4. Cache performance terms.
  1. Hit: The information was found in the cache.
  2. Miss: It wasn't.
  3. Hit rate: The proportion of references which are hits.
  4. Miss rate: The proportion of references which are misses.
  5. Hit time: The time required to access information at a given level.
  6. Miss penalty: The time required to process a miss, including the overhead of adding it to the cache.
5. Locality of reference
  1. Temporal locality: Recently accessed locations tend to be accessed again soon.
  2. Spatial locality: After a reference, nearby locations are more likely to be next.
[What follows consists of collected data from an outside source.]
(* Let $H,K$ be Hilbert spaces and $T$ a densely defined closed operator from $D(T)\subset H$ into $K$ with closed range. Then $T|T|$ is a closed operator and $R(T|T|)=R(T)$.
   Context: $|T|=(T^{*}T)^{1/2}$; the product $T|T|$ is defined on its natural domain $\{x\in D(|T|):|T|x\in D(T)\}$. *)

theory Defs
  imports "HOL-Analysis.Analysis"
begin

class complex_vector = real_vector +
  fixes scaleC :: "complex \<Rightarrow> 'a \<Rightarrow> 'a"
  assumes scaleC_add_right: "scaleC a (x + y) = scaleC a x + scaleC a y"
    and scaleC_add_left: "scaleC (a + b) x = scaleC a x + scaleC b x"
    and scaleC_scaleC: "scaleC a (scaleC b x) = scaleC (a * b) x"
    and scaleC_one: "scaleC 1 x = x"
    and scaleR_scaleC: "scaleR r x = scaleC (complex_of_real r) x"

class complex_inner = complex_vector + real_normed_vector +
  fixes cinner :: "'a \<Rightarrow> 'a \<Rightarrow> complex"
  assumes cinner_commute: "cinner x y = cnj (cinner y x)"
    and cinner_add_left: "cinner (x + y) z = cinner x z + cinner y z"
    and cinner_scaleC_left: "cinner (scaleC a x) y = a * cinner x y"
    and cinner_self_real: "cinner x x \<in> \<real>"
    and cinner_self_nonneg: "0 \<le> Re (cinner x x)"
    and cinner_self_zero: "cinner x x = 0 \<longleftrightarrow> x = 0"
    and norm_eq_sqrt_cinner: "norm x = sqrt (Re (cinner x x))"

class chilbert = complex_inner + complete_space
  3. Sequential locality: Spatial locality that resulting from sequential instruction execution.
Cache memory.
1. Made of SRAM. Holds entries from RAM.
2. Managed automatically by hardware.
3. PC's typically have at least two, one on the CPU chip, and one on the motherboard.
4. Arrangements.
  1. Direct Cache.
    1. Division:
      Tag
      Block (Line Number)
      Offset (Within Block)
    2. Item is located on the indicated cache line, at the indicated offset.
    3. The valid bit is set to indicate the line contents are valid.
    4. A new reference must use that line, and replace anything that's already there.
  2. Fully-Associative Cache.
    1. Division:
      Tag
      Offset (Within Block)
    2. Any cache row can take any location.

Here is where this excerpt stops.